● TASK STATEMENT: Copy out the lines of the records below, and only those lines, from the one with "unfolding wval_def rgraph_def" through the one with "using Suc.prems assms(2,4)", exactly as they appear.
··········
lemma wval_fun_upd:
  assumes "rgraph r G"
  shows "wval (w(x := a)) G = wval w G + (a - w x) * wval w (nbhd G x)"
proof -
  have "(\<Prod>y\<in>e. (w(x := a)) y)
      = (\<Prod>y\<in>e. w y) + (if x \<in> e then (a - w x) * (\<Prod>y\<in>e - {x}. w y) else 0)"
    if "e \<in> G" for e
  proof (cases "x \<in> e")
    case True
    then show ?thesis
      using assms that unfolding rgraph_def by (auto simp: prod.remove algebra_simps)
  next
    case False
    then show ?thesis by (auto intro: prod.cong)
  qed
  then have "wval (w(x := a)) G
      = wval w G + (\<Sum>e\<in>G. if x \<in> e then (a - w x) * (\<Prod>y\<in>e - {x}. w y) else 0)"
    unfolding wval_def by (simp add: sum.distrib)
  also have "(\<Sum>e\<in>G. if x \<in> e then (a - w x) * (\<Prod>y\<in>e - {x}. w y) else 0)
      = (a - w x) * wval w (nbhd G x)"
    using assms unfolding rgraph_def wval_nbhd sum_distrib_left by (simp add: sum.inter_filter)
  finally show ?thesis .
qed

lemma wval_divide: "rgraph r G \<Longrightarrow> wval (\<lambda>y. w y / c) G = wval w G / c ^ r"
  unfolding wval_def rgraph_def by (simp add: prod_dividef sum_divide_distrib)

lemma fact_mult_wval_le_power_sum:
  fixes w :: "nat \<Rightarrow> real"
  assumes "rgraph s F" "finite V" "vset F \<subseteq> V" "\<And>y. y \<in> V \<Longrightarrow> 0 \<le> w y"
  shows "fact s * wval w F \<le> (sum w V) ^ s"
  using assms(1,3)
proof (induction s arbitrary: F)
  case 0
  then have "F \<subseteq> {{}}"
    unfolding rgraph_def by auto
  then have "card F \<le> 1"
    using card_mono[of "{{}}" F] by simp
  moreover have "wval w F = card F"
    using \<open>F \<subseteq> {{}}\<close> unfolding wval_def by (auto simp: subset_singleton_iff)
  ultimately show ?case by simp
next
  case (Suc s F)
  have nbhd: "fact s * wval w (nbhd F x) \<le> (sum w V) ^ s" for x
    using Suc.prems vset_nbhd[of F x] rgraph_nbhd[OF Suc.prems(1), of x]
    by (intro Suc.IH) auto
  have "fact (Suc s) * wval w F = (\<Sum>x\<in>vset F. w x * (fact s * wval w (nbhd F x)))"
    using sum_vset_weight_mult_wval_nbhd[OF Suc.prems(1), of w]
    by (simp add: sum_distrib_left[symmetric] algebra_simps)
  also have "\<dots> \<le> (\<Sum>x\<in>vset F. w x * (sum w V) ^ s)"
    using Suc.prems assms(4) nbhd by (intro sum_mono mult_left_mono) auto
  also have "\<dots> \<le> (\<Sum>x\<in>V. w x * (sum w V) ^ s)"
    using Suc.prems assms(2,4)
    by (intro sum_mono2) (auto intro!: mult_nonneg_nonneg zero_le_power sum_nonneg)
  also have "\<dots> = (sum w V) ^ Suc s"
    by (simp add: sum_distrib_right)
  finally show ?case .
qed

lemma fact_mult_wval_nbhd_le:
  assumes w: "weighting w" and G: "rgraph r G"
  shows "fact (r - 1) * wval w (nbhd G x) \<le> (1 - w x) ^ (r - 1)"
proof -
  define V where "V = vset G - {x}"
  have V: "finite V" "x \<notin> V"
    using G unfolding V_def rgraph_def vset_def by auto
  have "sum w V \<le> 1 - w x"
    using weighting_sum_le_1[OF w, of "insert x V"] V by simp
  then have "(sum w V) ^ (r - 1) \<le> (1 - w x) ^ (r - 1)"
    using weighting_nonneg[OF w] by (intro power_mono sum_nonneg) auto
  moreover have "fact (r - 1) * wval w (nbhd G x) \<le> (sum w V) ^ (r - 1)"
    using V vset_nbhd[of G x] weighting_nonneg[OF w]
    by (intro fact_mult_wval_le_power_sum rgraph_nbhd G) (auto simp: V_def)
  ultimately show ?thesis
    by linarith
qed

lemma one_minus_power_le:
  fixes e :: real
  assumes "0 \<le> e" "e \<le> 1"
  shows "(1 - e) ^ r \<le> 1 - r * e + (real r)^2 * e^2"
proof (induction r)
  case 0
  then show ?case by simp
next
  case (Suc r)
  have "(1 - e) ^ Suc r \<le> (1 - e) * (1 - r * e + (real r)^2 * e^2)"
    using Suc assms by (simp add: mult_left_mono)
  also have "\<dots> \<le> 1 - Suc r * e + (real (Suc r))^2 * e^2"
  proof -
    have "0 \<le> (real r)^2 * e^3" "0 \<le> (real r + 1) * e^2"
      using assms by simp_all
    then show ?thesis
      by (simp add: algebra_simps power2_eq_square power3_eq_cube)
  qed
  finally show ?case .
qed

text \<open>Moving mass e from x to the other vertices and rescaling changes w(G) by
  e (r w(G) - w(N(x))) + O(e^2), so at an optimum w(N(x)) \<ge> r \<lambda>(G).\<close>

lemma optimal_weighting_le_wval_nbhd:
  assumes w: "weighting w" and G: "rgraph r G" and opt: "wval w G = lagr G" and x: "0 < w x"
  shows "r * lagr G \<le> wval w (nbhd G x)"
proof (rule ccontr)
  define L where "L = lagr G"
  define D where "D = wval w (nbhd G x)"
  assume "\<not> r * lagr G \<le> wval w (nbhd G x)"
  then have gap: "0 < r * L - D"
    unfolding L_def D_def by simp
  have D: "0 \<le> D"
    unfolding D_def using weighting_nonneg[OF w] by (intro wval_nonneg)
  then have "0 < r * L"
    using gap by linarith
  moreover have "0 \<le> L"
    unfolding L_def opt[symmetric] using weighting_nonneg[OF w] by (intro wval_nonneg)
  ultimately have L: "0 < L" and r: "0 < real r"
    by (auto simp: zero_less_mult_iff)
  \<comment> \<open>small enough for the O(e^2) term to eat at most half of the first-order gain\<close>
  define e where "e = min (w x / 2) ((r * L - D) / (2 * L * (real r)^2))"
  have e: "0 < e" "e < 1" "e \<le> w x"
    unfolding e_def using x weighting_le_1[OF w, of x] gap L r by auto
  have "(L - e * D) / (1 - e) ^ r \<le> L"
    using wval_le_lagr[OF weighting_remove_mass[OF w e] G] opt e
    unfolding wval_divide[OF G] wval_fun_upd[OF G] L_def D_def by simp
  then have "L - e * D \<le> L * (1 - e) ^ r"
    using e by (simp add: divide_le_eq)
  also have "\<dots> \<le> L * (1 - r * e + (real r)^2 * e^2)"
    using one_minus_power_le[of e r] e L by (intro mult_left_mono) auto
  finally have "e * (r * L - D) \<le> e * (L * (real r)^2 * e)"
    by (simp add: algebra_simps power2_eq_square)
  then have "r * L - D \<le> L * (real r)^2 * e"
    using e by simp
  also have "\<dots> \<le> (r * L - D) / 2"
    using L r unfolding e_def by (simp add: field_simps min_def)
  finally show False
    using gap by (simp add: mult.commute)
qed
··········
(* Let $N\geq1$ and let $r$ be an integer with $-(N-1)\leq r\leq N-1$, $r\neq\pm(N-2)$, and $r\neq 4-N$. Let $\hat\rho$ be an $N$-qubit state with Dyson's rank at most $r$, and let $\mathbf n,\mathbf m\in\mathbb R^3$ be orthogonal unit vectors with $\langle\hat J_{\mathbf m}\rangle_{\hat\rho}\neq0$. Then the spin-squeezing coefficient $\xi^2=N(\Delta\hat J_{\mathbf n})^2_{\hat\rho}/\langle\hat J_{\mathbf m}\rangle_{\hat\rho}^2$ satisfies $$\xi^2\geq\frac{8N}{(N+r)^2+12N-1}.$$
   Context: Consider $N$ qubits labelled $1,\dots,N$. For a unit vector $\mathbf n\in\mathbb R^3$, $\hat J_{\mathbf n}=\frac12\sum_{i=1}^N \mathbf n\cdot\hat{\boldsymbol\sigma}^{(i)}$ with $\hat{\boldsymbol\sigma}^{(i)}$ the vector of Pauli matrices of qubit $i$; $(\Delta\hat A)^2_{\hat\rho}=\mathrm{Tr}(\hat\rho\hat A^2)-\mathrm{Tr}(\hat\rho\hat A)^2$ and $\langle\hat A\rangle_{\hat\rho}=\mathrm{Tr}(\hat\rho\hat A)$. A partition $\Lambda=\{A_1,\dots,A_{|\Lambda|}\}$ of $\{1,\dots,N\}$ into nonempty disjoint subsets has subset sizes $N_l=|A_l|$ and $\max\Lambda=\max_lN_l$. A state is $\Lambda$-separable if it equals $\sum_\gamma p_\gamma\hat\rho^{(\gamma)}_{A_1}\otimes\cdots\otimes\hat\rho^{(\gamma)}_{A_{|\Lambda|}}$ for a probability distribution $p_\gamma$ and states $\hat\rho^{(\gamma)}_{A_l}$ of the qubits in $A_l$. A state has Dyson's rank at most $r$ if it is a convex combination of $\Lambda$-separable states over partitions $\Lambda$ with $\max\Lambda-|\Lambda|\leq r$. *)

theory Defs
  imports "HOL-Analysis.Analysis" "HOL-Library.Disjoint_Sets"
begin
··········
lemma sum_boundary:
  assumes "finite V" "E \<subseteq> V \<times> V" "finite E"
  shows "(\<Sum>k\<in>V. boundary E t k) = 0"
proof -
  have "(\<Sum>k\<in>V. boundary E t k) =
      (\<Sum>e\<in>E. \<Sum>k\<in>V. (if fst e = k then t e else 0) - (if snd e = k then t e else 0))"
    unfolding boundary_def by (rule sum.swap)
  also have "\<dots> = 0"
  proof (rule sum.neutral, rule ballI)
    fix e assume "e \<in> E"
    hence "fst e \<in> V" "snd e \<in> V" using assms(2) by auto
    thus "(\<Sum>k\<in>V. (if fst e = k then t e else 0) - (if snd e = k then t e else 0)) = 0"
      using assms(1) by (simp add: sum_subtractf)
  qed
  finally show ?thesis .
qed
··········
● ANSWER TO THE PROBLEM:
  unfolding wval_def rgraph_def by (simp add: prod_dividef sum_divide_distrib)

lemma fact_mult_wval_le_power_sum:
  fixes w :: "nat \<Rightarrow> real"
  assumes "rgraph s F" "finite V" "vset F \<subseteq> V" "\<And>y. y \<in> V \<Longrightarrow> 0 \<le> w y"
  shows "fact s * wval w F \<le> (sum w V) ^ s"
  using assms(1,3)
proof (induction s arbitrary: F)
  case 0
  then have "F \<subseteq> {{}}"
    unfolding rgraph_def by auto
  then have "card F \<le> 1"
    using card_mono[of "{{}}" F] by simp
  moreover have "wval w F = card F"
    using \<open>F \<subseteq> {{}}\<close> unfolding wval_def by (auto simp: subset_singleton_iff)
  ultimately show ?case by simp
next
  case (Suc s F)
  have nbhd: "fact s * wval w (nbhd F x) \<le> (sum w V) ^ s" for x
    using Suc.prems vset_nbhd[of F x] rgraph_nbhd[OF Suc.prems(1), of x]
    by (intro Suc.IH) auto
  have "fact (Suc s) * wval w F = (\<Sum>x\<in>vset F. w x * (fact s * wval w (nbhd F x)))"
    using sum_vset_weight_mult_wval_nbhd[OF Suc.prems(1), of w]
    by (simp add: sum_distrib_left[symmetric] algebra_simps)
  also have "\<dots> \<le> (\<Sum>x\<in>vset F. w x * (sum w V) ^ s)"
    using Suc.prems assms(4) nbhd by (intro sum_mono mult_left_mono) auto
  also have "\<dots> \<le> (\<Sum>x\<in>V. w x * (sum w V) ^ s)"
    using Suc.prems assms(2,4)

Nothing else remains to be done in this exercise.